Natasha Roberts on Contemporary Art with Style and Substance
As Armory Week always precedes Fall Fashion Week in New York City, curator and art advisor Natasha Roberts draws from her recent Bergdorf Goodman exhibition, A Room Just So, to spotlight six artists whose practices engage deeply with brands, material, and textiles as cultural signifiers. Whether tracing historical narratives, preserving cultural traditions, or interrogating systems of value and desire, each artist explores the intersection of art, design, and consumerism. Together, they demonstrate how the language of fashion and material culture continues to shape, and be shaped by, contemporary art.

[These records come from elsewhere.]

theorem theorem1:
  fixes E :: "'n::finite \<Rightarrow> 'n \<Rightarrow> bool"
  assumes "simple_graph E" and "connected_graph E" and "\<not> transmission_regular E"
  shows "(odd CARD('n) \<longrightarrow>
            tau E \<ge> (real CARD('n) + 2 - sqrt ((real CARD('n))\<^sup>2 + 4 * real CARD('n) - 4)) / 2 \<and>
            (tau E = (real CARD('n) + 2 - sqrt ((real CARD('n))\<^sup>2 + 4 * real CARD('n) - 4)) / 2
               \<longleftrightarrow> iso_K122 E))
       \<and> (even CARD('n) \<longrightarrow>
            tau E \<ge> (real CARD('n) + 4 - sqrt ((real CARD('n))\<^sup>2 + 8 * real CARD('n))) / 2 \<and>
            (tau E = (real CARD('n) + 4 - sqrt ((real CARD('n))\<^sup>2 + 8 * real CARD('n))) / 2
               \<longleftrightarrow> DVDR (CARD('n) - 4) E))"
proof -
  interpret connected_simple_graph E
    using assms(1,2) by unfold_locales
  let ?n = "real CARD('n)"
  have K: "0 < total_deficit"
    using total_deficit_pos[OF assms(3)] .
  have n: "3 \<le> CARD('n)"
    using card_ge_3_if_total_deficit_pos[OF K] .
  have root1:
      "smaller_root (?n + 2 * real 1) (2 * real 1) = (?n + 2 - sqrt (?n\<^sup>2 + 4 * ?n - 4)) / 2"
    and root2: "smaller_root (?n + 2 * real 2) (2 * real 2) = (?n + 4 - sqrt (?n\<^sup>2 + 8 * ?n)) / 2"
    by (simp_all add: smaller_root_def power2_eq_square algebra_simps)
  have "iso_K122 E \<longleftrightarrow> cone_over_coregular 1 E" if "odd CARD('n)"
    using cone_if_iso_K122[OF that] iso_K122_if_cone by blast
  moreover have "2 \<le> total_deficit" if "even CARD('n)"
    using K even_total_deficit[OF that] by (auto elim!: evenE)
  moreover have "DVDR (CARD('n) - 4) E \<longleftrightarrow> cone_over_coregular 2 E" if "even CARD('n)"
    using n that by (intro DVDR_iff_cone) presburger
  ultimately show ?thesis
    unfolding root1[symmetric] root2[symmetric]
    using smaller_root_le_tau[of 1] smaller_root_le_tau[of 2] tau_eq_smaller_root_iff[of 1]
      tau_eq_smaller_root_iff[of 2] K
    by auto
qed

end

Critically acclaimed ceramicist Alex Anderson examines beauty, desire, and power through refined sculptural forms. A graduate of Swarthmore College and UCLA, and a Fulbright scholar at the China Academy of Art, he blends classical elegance with contemporary critique. His Bergdorf-featured ceramics, each accented with gold luster, were inspired by Aladdin’s Cave of Wonders, including a matte black and pearlescent glazed wall-text sculpture reading “Everything You Ever Wanted.” Shown in a landmark retail destination where abundance reigns, his work underscores how objects embody both cultural aspiration and vulnerability.

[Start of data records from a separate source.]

lemma eventually_in_supp:
  assumes "m \<in> supp xstar"
  shows "\<forall>\<^sub>F k in sequentially. m \<in> supp (x (r k))"
proof -
  have "(\<lambda>k. x (r k) $ m) \<longlonglongrightarrow> xstar $ m"
    using tendsto_vec_nth[OF r_conv, of m] by (simp add: o_def)
  from tendsto_imp_eventually_ne[OF this] assms show ?thesis by (simp add: supp_iff)
qed

lemma limit_support_coordinate_min:
  assumes "i \<in> supp xstar"
  shows "f xstar \<le> f (xstar + t *\<^sub>R ebasis i)"
proof (rule limit_le_coordinate_move)
  have "\<forall>\<^sub>F k in sequentially. f (x (Suc (r k))) \<le> f (x (r k) + t *\<^sub>R ebasis i)"
    using eventually_in_supp[OF assms] by (rule eventually_mono) (rule step_le_support_coordinate_move)
  then show "\<exists>\<^sub>F k in sequentially. f (x (Suc (r k))) \<le> f (x (r k) + t *\<^sub>R ebasis i)"
    by (rule eventually_frequently[OF sequentially_bot])
qed

text \<open>Infinitely often the iterate has a nonzero entry outside \<open>supp x\<^sup>*\<close>; swapping it out
  is a plain coordinate move in the limit.\<close>

lemma limit_coordinate_min_if_sparse:
  assumes full: "\<forall>\<^sub>F k in sequentially. l0 (x (r k)) = s" and "l0 xstar < s"
  shows "f xstar \<le> f (xstar + t *\<^sub>R ebasis i)"
proof -
  have "\<exists>m\<in>UNIV. l0 (x (r k)) = s \<and> m \<in> supp (x (r k)) \<and> m \<notin> supp xstar"
    if "l0 (x (r k)) = s" for k
  proof (rule ccontr)
    assume "\<not> ?thesis"
    with that have "supp (x (r k)) \<subseteq> supp xstar" by blast
    then have "l0 (x (r k)) \<le> l0 xstar" unfolding l0_def by (rule card_mono[OF finite])
    with that \<open>l0 xstar < s\<close> show False by simp
  qed
  from eventually_mono[OF full this] have "\<exists>\<^sub>F k in sequentially.
      \<exists>m\<in>UNIV. l0 (x (r k)) = s \<and> m \<in> supp (x (r k)) \<and> m \<notin> supp xstar"
    by (rule eventually_frequently[OF sequentially_bot])
  from frequently_bex_finite[OF finite this] obtain m
    where m: "\<exists>\<^sub>F k in sequentially. l0 (x (r k)) = s \<and> m \<in> supp (x (r k)) \<and> m \<notin> supp xstar"
    by blast
  from frequently_ex[OF m] have "xstar $ m = 0" by (auto simp: supp_iff)
  moreover have "\<exists>\<^sub>F k in sequentially. l0 (x (r k)) = s \<and> m \<in> supp (x (r k))"
    using m by (rule frequently_elim1) simp
  ultimately show ?thesis
    using limit_le_swap[of m t i] by simp
qed

lemma limit_coordinate_or_swap_min:
  assumes "0 < s" "s \<le> CARD('n)"
  shows "(\<forall>t. f xstar \<le> f (xstar + t *\<^sub>R ebasis i)) \<or>
    (\<exists>m\<in>supp xstar. \<bar>xstar $ m\<bar> \<le> Ms s xstar \<and>
      (\<forall>t. f xstar \<le> f (xstar - (xstar $ m) *\<^sub>R ebasis m + t *\<^sub>R ebasis i)))"
proof (cases "\<exists>\<^sub>F k in sequentially. l0 (x (r k)) < s")
  case True
  have "f xstar \<le> f (xstar + t *\<^sub>R ebasis i)" for t
    by (rule limit_le_coordinate_move, rule frequently_elim1[OF True], rule step_le_coordinate_move)
  then show ?thesis by blast
next
  case False
  have "l0 (x (r k)) = s" if "\<not> l0 (x (r k)) < s" for k
    using that l0_le[of "r k"] by linarith
  with False have full: "\<forall>\<^sub>F k in sequentially. l0 (x (r k)) = s"
    unfolding not_frequently by (rule eventually_mono)
  show ?thesis
  proof (cases "l0 xstar < s")
    case True
    then show ?thesis using limit_coordinate_min_if_sparse[OF full] by blast
  next
    case False
    then have "s \<le> l0 xstar" by simp
    then obtain m where m: "m \<in> supp xstar" "\<bar>xstar $ m\<bar> \<le> Ms s xstar"
      by (rule Ms_ge_support_entry[OF assms])
    have "\<forall>\<^sub>F k in sequentially. l0 (x (r k)) = s \<and> m \<in> supp (x (r k))"
      using full eventually_in_supp[OF m(1)] by (rule eventually_conj)
    then have "\<exists>\<^sub>F k in sequentially. l0 (x (r k)) = s \<and> m \<in> supp (x (r k))"
      by (rule eventually_frequently[OF sequentially_bot])
    with m show ?thesis using limit_le_swap by blast
  qed
qed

Brazilian-born, New York-based collage artist Edgard Barbosa explores identity, technology, and memory through the language of advertising. His unique technique, which he calls “korigami,” combines origami-style folding with collage, then digitally scans and restructures the results into layered compositions. The works carry a tension between analog craft and digital manipulation, echoing the dissonance of contemporary life. Influenced by modernist grid systems and commercial signage, Barbosa’s pieces transform discarded commercial imagery into new visual languages. Exhibited in New York and beyond, his work serves as a kind of spiritual archaeology, recovering meaning from the overlooked fragments of consumer culture.
Colombian-born and Florida-based artist Manuela Gonzalez creates works rooted in the visual and material traditions of textiles. A graduate of RISD and Yale, Gonzalez draws on her family’s history in fabric-making while connecting to the broader canon of abstraction. Her works often incorporate layered fabrics, crocheting, and painted surfaces, echoing both personal and cultural narratives. Exhibited at institutions including El Museo del Barrio’s Estamos Bien/La Trienal, her art examines how textiles serve as both memory and language. Gonzalez’s practice highlights the intersections of craft, heritage, and contemporary abstraction, weaving together the personal and the political.

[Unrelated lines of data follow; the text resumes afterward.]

(* (i) Let $\boldsymbol{\pi}\in\mathbb{R}^n$ be a probability vector with $\boldsymbol{\pi}>0$ entrywise, and let $\mathcal{S}$ be an irreducible pattern. Then there exists a reversible stochastic matrix $X\in\mathbb{R}^{n\times n}(\mathcal{S})$ with stationary distribution $\boldsymbol{\pi}$ (in particular $\pi_iX_{ij}=\pi_jX_{ji}$ for all $i,j$). (ii) Let $\mathcal{P}$ and $\mathcal{S}$ be patterns, and let $P\in\mathbb{R}^{n\times n}(\mathcal{P})$ be a reversible stochastic matrix with stationary distribution $\boldsymbol{\pi}$. Then the set \[ \mathcal{F}=\{X\in\mathbb{R}^{n\times n}(\mathcal{S}\cup\mathcal{P}) : X_{ij}=P_{ij}\text{ for }\{i,j\}\in\mathcal{P}\setminus\mathcal{S},\ X\mathbf{1}=\mathbf{1},\ D_{\boldsymbol{\pi}}X=X^\top D_{\boldsymbol{\pi}},\ X\ge 0\} \] is not empty.
   Context: A stochastic matrix is a nonnegative real matrix $P$ with $P\mathbf{1}=\mathbf{1}$, where $\mathbf{1}$ is the all-ones vector; $X\ge 0$ means entrywise nonnegativity. A stationary distribution of $P$ is a probability vector $\boldsymbol{\pi}$ with $\boldsymbol{\pi}^\top P=\boldsymbol{\pi}^\top$. A stochastic matrix is reversible if it is irreducible and its (unique, positive) stationary distribution $\boldsymbol{\pi}$ satisfies $\pi_iP_{ij}=\pi_jP_{ji}$ for all $i,j$, i.e. $D_{\boldsymbol{\pi}}P=P^\top D_{\boldsymbol{\pi}}$, with $D_{\boldsymbol{\pi}}$ the diagonal matrix with diagonal $\boldsymbol{\pi}$. A pattern $\mathcal{S}$ is a set of unordered pairs $\{i,j\}$, $1\le i,j\le n$, containing $\{i,i\}$ for all $i$. $\mathbb{R}^{n\times n}(\mathcal{S})$ is the set of real $n\times n$ matrices $\Delta$ with $\Delta_{ij}=\Delta_{ji}=0$ whenever $\{i,j\}\notin\mathcal{S}$. $\mathbb{R}^{n\times n}_{\mathrm{exact}}(\mathcal{S})$ is the set of real $n\times n$ matrices $\Delta$ such that ($\Delta_{ij}\neq0$ and $\Delta_{ji}\ne 0$) if and only if $\{i,j\}\in\mathcal{S}$. A pattern $\mathcal{S}$ is irreducible if every matrix in $\mathbb{R}^{n\times n}_{\mathrm{exact}}(\mathcal{S})$ is irreducible. *)

theory Defs
  imports "HOL-Analysis.Analysis" "HOL-Library.Uprod"
begin

text \<open>n x n real matrices are rendered as real^'n^'n (index type 'n finite, n = CARD('n)).
  Patterns are sets of unordered pairs of indices.\<close>

definition stochastic :: "real^'n^'n \<Rightarrow> bool" where
  "stochastic P \<longleftrightarrow> (\<forall>i j. P$i$j \<ge> 0) \<and> P *v (vec 1) = vec 1"

definition prob_vector :: "real^'n \<Rightarrow> bool" where
  "prob_vector p \<longleftrightarrow> (\<forall>i. p$i \<ge> 0) \<and> (\<Sum>i\<in>UNIV. p$i) = 1"

definition stationary_dist :: "real^'n^'n \<Rightarrow> real^'n \<Rightarrow> bool" where
  "stationary_dist P p \<longleftrightarrow> prob_vector p \<and> p v* P = p"

definition irreducible_mat :: "real^'n^'n \<Rightarrow> bool" where
  "irreducible_mat A \<longleftrightarrow> (\<forall>i j. (i, j) \<in> {(k, l). A$k$l \<noteq> 0}\<^sup>+)"

definition reversible :: "real^'n^'n \<Rightarrow> bool" where
  "reversible P \<longleftrightarrow> stochastic P \<and> irreducible_mat P \<and>
     (\<forall>p. stationary_dist P p \<longrightarrow> (\<forall>i j. p$i * P$i$j = p$j * P$j$i))"

definition pattern :: "('n::finite) uprod set \<Rightarrow> bool" where
  "pattern S \<longleftrightarrow> (\<forall>i. Upair i i \<in> S)"

definition pat_mats :: "('n::finite) uprod set \<Rightarrow> (real^'n^'n) set" where
  "pat_mats S = {D. \<forall>i j. Upair i j \<notin> S \<longrightarrow> D$i$j = 0 \<and> D$j$i = 0}"

definition exact_pat_mats :: "('n::finite) uprod set \<Rightarrow> (real^'n^'n) set" where
  "exact_pat_mats S = {D. \<forall>i j. (D$i$j \<noteq> 0 \<and> D$j$i \<noteq> 0) \<longleftrightarrow> Upair i j \<in> S}"

definition irreducible_pattern :: "('n::finite) uprod set \<Rightarrow> bool" where
  "irreducible_pattern S \<longleftrightarrow> pattern S \<and> (\<forall>D \<in> exact_pat_mats S. irreducible_mat D)"

end

theory Submission
  imports Defs
begin

text \<open>(i) Put \<open>X\<^sub>i\<^sub>j = \<pi>\<^sub>j / 2\<close> on the off-diagonal pairs of \<open>S\<close> and fill the diagonal so that
  the rows sum to 1. Then \<open>\<pi>\<^sub>i X\<^sub>i\<^sub>j = \<pi>\<^sub>i \<pi>\<^sub>j / 2\<close> is symmetric and every diagonal entry is
  at least \<open>1/2\<close>, so \<open>X\<close> has exactly the pattern \<open>S\<close> and is irreducible. Reversibility asks
  for detailed balance with respect to every stationary distribution; for an irreducible chain
  the stationary distribution is unique by the maximum principle for harmonic vectors.
  (ii) \<open>P\<close> itself belongs to the set.\<close>

definition detailed_balance :: "real^'n^'n \<Rightarrow> real^'n \<Rightarrow> bool" where
  "detailed_balance X p \<longleftrightarrow> (\<forall>i j. p$i * X$i$j = p$j * X$j$i)"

Furniture designer and multidisciplinary artist Kouros Maghsoudi brings a bold, playful sensibility to functional objects. Born in Chicago to Iranian parents who ran boutiques and rug galleries, he grew up surrounded by textiles and craft. His debut furniture collection, Mehmooni, draws on Persian culture while embracing postmodern motifs, emphasizing indulgence, sensuality, and fantasy. Maghsoudi’s work is unapologetically opulent, blurring the lines between art, design, and cultural storytelling. At once sculptural and functional, his pieces invite viewers to experience both luxury and liberation in everyday life.
With a career spanning four decades at the heart of American fashion, Audrey Schilt brings rare insight to her painting practice. A graduate of FIT, she began sketching for Halston at Bergdorf Goodman in the 1960s, including Jackie Kennedy’s fitting for her iconic Pillbox hat, before rising to Vice President and Creative Director of Ralph Lauren’s Women’s Runway Collection. In her Behind the Scenes series, Schilt transforms her illustrations of intimate backstage moments with fashion icons into enlarged, collectible paintings, capturing the elegance, energy, and allure of American style.
CHiNGLiSH WANG is a multidisciplinary artist whose practice dissects and reimagines cultural identity at the intersection of art and fashion. Raised between New York and Taiwan and educated at Parsons, he navigates contrasting aesthetics and traditions to create layered, thought-provoking work. By repurposing shopping bags from brands such as Dior, Balenciaga, and Fendi into sculptural forms showcasing their most iconic designs, Wang critiques consumerism while honoring the cultural weight of luxury goods. Their process of deconstruction and reconstruction pushes past surface glamour, instead asking what is remembered, forgotten, or worthy of reinvention. The result is work that feels in constant motion: culturally, aesthetically, and personally.